人はなぜ心が折れるのか?
目次
はじめに
気分の落ち込みが続くようになったら、なぜ自分がそうなったのか?
仕事柄うつの方をたくさん診させてもらう機会はあったのですが、恥ずかしながらそのような人たちに対して、
「ちょっと心が弱いんだ」もしくは「精神が弱っていたんだ」という思いで見ていました。
正直に言えば他人がうつになった理由なんて、考えたこともありません。
そういう意味では、私は医療職としてあまり良い人間ではなかったと思います。
私が極度の心配性や、大きな落ち込み(うつを発症)を経験してから、かれこれ6年が経ちました。
そして克服してから3年経ちます。
今までを振り返って、私の経験から人がうつになる理由を、ここで述べていきたいと思います。
これがハッキリすることによって、
今後自分が心を病む必要がなく、幸せな人生を送るためのヒントになるのではないでしょうか?
皆さんの人生の参考になれば幸いです。
心が折れる原因がわからない?!
一般的には、病気の原因は、内因性、外因性、心因性があると言われています。
それを知らないと、医療の資格を持つどころか、病院では働けませんから。
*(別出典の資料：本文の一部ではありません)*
lemma qmult_lincomb:
  assumes "finite K" "finite L" "\<And>k. k \<in> K \<Longrightarrow> finite (qsupp (A k))"
    "\<And>l. l \<in> L \<Longrightarrow> finite (qsupp (B l))"
  shows "qmult q I (\<lambda>x. \<Sum>k\<in>K. c k * A k x) (\<lambda>x. \<Sum>l\<in>L. d l * B l x)
       = (\<lambda>x. \<Sum>k\<in>K. \<Sum>l\<in>L. c k * d l * qmult q I (A k) (B l) x)"
proof
  fix m
  define S where "S = (\<Union>k\<in>K. qsupp (A k))"
  define T where "T = (\<Union>l\<in>L. qsupp (B l))"
  have fS: "finite S" "finite T" using assms by (auto simp: S_def T_def)
  have "qmult q I (\<lambda>x. \<Sum>k\<in>K. c k * A k x) (\<lambda>x. \<Sum>l\<in>L. d l * B l x) m
     = (\<Sum>a\<in>S. \<Sum>b\<in>T. if exp_add a b = m then (\<Sum>k\<in>K. c k * A k a) * (\<Sum>l\<in>L. d l * B l b) * twist q I a b else 0)"
    by (rule qmult_eq_double_sum) (use fS qsupp_lincomb[of c A K] qsupp_lincomb[of d B L] in \<open>auto simp: S_def T_def\<close>)
  also have "\<dots> = (\<Sum>a\<in>S. \<Sum>b\<in>T. \<Sum>k\<in>K. \<Sum>l\<in>L. c k * d l * (if exp_add a b = m then A k a * B l b * twist q I a b else 0))"
    by (intro sum.cong refl) (auto simp: sum_distrib_left sum_distrib_right mult_ac intro: sum.swap)
  also have "\<dots> = (\<Sum>k\<in>K. \<Sum>l\<in>L. c k * d l * (\<Sum>a\<in>S. \<Sum>b\<in>T. (if exp_add a b = m then A k a * B l b * twist q I a b else 0)))"
  proof -
    let ?F = "\<lambda>a b k l. c k * d l * (if exp_add a b = m then A k a * B l b * twist q I a b else 0)"
    have "(\<Sum>a\<in>S. \<Sum>b\<in>T. \<Sum>k\<in>K. \<Sum>l\<in>L. ?F a b k l) = (\<Sum>a\<in>S. \<Sum>k\<in>K. \<Sum>b\<in>T. \<Sum>l\<in>L. ?F a b k l)"
      by (rule sum.cong[OF refl]) (rule sum.swap)
    also have "\<dots> = (\<Sum>k\<in>K. \<Sum>a\<in>S. \<Sum>b\<in>T. \<Sum>l\<in>L. ?F a b k l)" by (rule sum.swap)
    also have "\<dots> = (\<Sum>k\<in>K. \<Sum>a\<in>S. \<Sum>l\<in>L. \<Sum>b\<in>T. ?F a b k l)"
      by (intro sum.cong refl) (rule sum.swap)
    also have "\<dots> = (\<Sum>k\<in>K. \<Sum>l\<in>L. \<Sum>a\<in>S. \<Sum>b\<in>T. ?F a b k l)"
      by (rule sum.cong[OF refl]) (rule sum.swap)
    finally show ?thesis by (simp add: sum_distrib_left)
  qed
  also have "\<dots> = (\<Sum>k\<in>K. \<Sum>l\<in>L. c k * d l * qmult q I (A k) (B l) m)"
  proof (intro sum.cong refl)
    fix k l assume "k \<in> K" "l \<in> L"
    then show "c k * d l * (\<Sum>a\<in>S. \<Sum>b\<in>T. (if exp_add a b = m then A k a * B l b * twist q I a b else 0))
       = c k * d l * qmult q I (A k) (B l) m"
      by (subst qmult_eq_double_sum[of S T]) (use fS in \<open>auto simp: S_def T_def\<close>)
  qed
  finally show "qmult q I (\<lambda>x. \<Sum>k\<in>K. c k * A k x) (\<lambda>x. \<Sum>l\<in>L. d l * B l x) m
       = (\<Sum>k\<in>K. \<Sum>l\<in>L. c k * d l * qmult q I (A k) (B l) m)" .
qed

lemma qsupp_qmono: "qsupp (qmono m :: _ \<Rightarrow> 'k::field) = {m}"
  by (auto simp: qsupp_def qmono_def)

lemma qmult_qmono: "qmult q I (qmono a) (qmono b) = (\<lambda>x. twist q I a b * qmono (exp_add a b) x)"
proof
  fix m
  show "qmult q I (qmono a) (qmono b) m = twist q I a b * qmono (exp_add a b) m"
    by (subst qmult_eq_double_sum[of "{a}" "{b}"]) (simp_all add: qsupp_qmono, simp add: qmono_def)
qed

lemma qmono_expansion:
  fixes f :: "(nat \<Rightarrow> nat) \<Rightarrow> 'k::field"
  assumes "finite S" "qsupp f \<subseteq> S"
  shows "f = (\<lambda>x. \<Sum>a\<in>S. f a * qmono a x)"
proof
  fix x
  have "(\<Sum>a\<in>S. f a * qmono a x) = (\<Sum>a\<in>S. if a = x then f x else 0)"
    by (intro sum.cong refl) (auto simp: qmono_def)
  also have "\<dots> = (if x \<in> S then f x else 0)" using assms(1) by (simp add: sum.delta)
  also have "\<dots> = f x" using assms(2) by (auto simp: qsupp_def)
  finally show "f x = (\<Sum>a\<in>S. f a * qmono a x)" by simp
qed

lemma twist_add_left: "twist q I (exp_add a a') b = twist q I a b * twist q I a' b"
  unfolding twist_def exp_add_def
  by (simp add: add_mult_distrib power_add prod.distrib[symmetric] case_prod_beta)

lemma twist_add_right: "twist q I a (exp_add b b') = twist q I a b * twist q I a b'"
  unfolding twist_def exp_add_def
  by (simp add: add_mult_distrib2 power_add prod.distrib[symmetric] case_prod_beta)

lemma twist_zero_left: "twist q I (\<lambda>_. 0) b = 1"
  unfolding twist_def by simp

lemma twist_zero_right: "twist q I a (\<lambda>_. 0) = 1"
  unfolding twist_def by simp

lemma twist_var_exp_below: assumes "\<And>j. j < i \<Longrightarrow> b j = 0" shows "twist q I (var_exp i) b = 1"
  unfolding twist_def by (rule prod.neutral) (use assms in \<open>auto simp: var_exp_def\<close>)

lemma twist_var_exp_var_exp:
  assumes "finite I" "i \<in> I" "j \<in> I"
  shows "twist q I (var_exp i) (var_exp j) = (if j < i then q j i else 1)"
proof -
  let ?P = "{(i', j'). i' \<in> I \<and> j' \<in> I \<and> j' < i'}"
  have fin: "finite ?P"
    by (rule finite_subset[of _ "I \<times> I"]) (use assms in auto)
  have "twist q I (var_exp i) (var_exp j) = (\<Prod>p\<in>?P. if p = (i, j) then q j i else 1)"
    unfolding twist_def by (intro prod.cong refl) (auto simp: var_exp_def split: if_splits)
  also have "\<dots> = (if (i, j) \<in> ?P then q j i else 1)"
    using fin by (simp add: prod.delta')
  finally show ?thesis using assms by auto
qed

lemma twist_var_exp_commute:
  assumes "finite I" "qpm I q" "a \<in> I" "c \<in> I"
  shows "twist q I (var_exp a) (var_exp c) = q c a * twist q I (var_exp c) (var_exp a)"
  using twist_var_exp_var_exp[OF assms(1,3,4), of q] twist_var_exp_var_exp[OF assms(1,4,3), of q] assms(2-4)
  by (cases a c rule: linorder_cases) (auto simp: qpm_def)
ただ私は個人的に、そのような分類はあまり好きではありません。
よく精神疾患は、内因性の病気と言われています。
内因性の病気とは、原因がはっきりとわからないと言うものです。
原因がはっきりとわからない、得体の知れないものというのは、
医療の世界では「原因が分からないから、考えても仕方がない」と言うふうに言われている気がして仕方がありません。
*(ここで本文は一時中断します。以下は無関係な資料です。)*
lemma
  assumes g: "g \<in> carrier G"
  shows coord_closed: "coord g \<in> carrier (dsum I A)"
    and iota_coord: "iota (coord g) = g \<otimes>\<^bsub>G\<^esub> inv\<^bsub>G\<^esub> tau (eps g)"
proof -
  have "g \<otimes>\<^bsub>G\<^esub> inv\<^bsub>G\<^esub> tau (eps g) \<in> kernel G B eps"
    using g tau_closed tau_section unfolding kernel_def by (simp add: eps.hom_mult eps.hom_inv)
  then obtain c where "g \<otimes>\<^bsub>G\<^esub> inv\<^bsub>G\<^esub> tau (eps g) = iota c" and c: "c \<in> carrier (dsum I A)"
    unfolding image_iota[symmetric] by (rule imageE)
  then have "coord g = c"
    using c by (intro coord_eqI) simp_all
  with c show "coord g \<in> carrier (dsum I A)" "iota (coord g) = g \<otimes>\<^bsub>G\<^esub> inv\<^bsub>G\<^esub> tau (eps g)"
    using \<open>g \<otimes>\<^bsub>G\<^esub> inv\<^bsub>G\<^esub> tau (eps g) = iota c\<close> by simp_all
qed

lemma finite_supp_coord: "g \<in> carrier G \<Longrightarrow> finite (supp_ds I A (coord g))"
  by (rule A.finite_supp_ds[OF coord_closed])

lemma coord_iota:
  assumes c: "c \<in> carrier (dsum I A)"
  shows "coord (iota c) = c"
proof (rule coord_eqI[OF c])
  have "iota c \<in> kernel G B eps"
    using c unfolding image_iota[symmetric] by (rule imageI)
  then have "eps (iota c) = \<one>\<^bsub>B\<^esub>"
    unfolding kernel_def by simp
  then show "iota c = iota c \<otimes>\<^bsub>G\<^esub> inv\<^bsub>G\<^esub> tau (eps (iota c))"
    using c by (simp add: tau_one)
qed

lemma iota_coord_mult:
  assumes x: "x \<in> carrier G" and z: "z \<in> carrier G"
  shows "iota (coord (x \<otimes>\<^bsub>G\<^esub> z))
    = (x \<otimes>\<^bsub>G\<^esub> iota (coord z) \<otimes>\<^bsub>G\<^esub> inv\<^bsub>G\<^esub> x) \<otimes>\<^bsub>G\<^esub> iota (coord x)
      \<otimes>\<^bsub>G\<^esub> cocycle G B tau (eps x) (eps z)"
proof -
  have cancel: "inv\<^bsub>G\<^esub> a \<otimes>\<^bsub>G\<^esub> (a \<otimes>\<^bsub>G\<^esub> b) = b"
    if "a \<in> carrier G" "b \<in> carrier G" for a b
    using that by (simp flip: G.m_assoc)
  show ?thesis
    using x z tau_closed[of "eps x"] tau_closed[of "eps z"] tau_closed[of "eps x \<otimes>\<^bsub>B\<^esub> eps z"]
    by (simp add: iota_coord eps.hom_mult cocycle_def G.m_assoc cancel)
qed

lemma obtain_cocycle_preimage:
  assumes "a \<in> carrier B" "b \<in> carrier B"
  obtains \<alpha> where "\<alpha> \<in> carrier (dsum I A)" "iota \<alpha> = cocycle G B tau a b"
    "real (card (supp_ds I A \<alpha>)) \<le> K"
proof -
  from cocycle_bounded[OF assms] obtain \<alpha> where "\<alpha> \<in> carrier (dsum I A)"
    and "iota \<alpha> = cocycle G B tau a b \<and> real (card (supp_ds I A \<alpha>)) \<le> K" ..
  then show thesis
    using that by simp
qed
私のようにうつになった人が、初めて行った心療内科の先生から
「あなたの病気は原因がはっきりわからない、だから原因なんて考えても仕方がない」
と言われたときに、どのように感じるでしょうか。
"原因がわからない=根治させる手段がない"
と言うふうにも聞こえてしまいます。
そこで私は、自分の経験からうつになる原因は、
ストレス、
疲れ、
食事、
遺伝、
生き方、
という5つに分類して、本質的な原因を探っていこうと思います。
ここで最初に結論を言ってしまえば、
私の思う「うつの原因」というのは「生き方」というものが最も大きいと思います。
では1つずつ見ていきましょう。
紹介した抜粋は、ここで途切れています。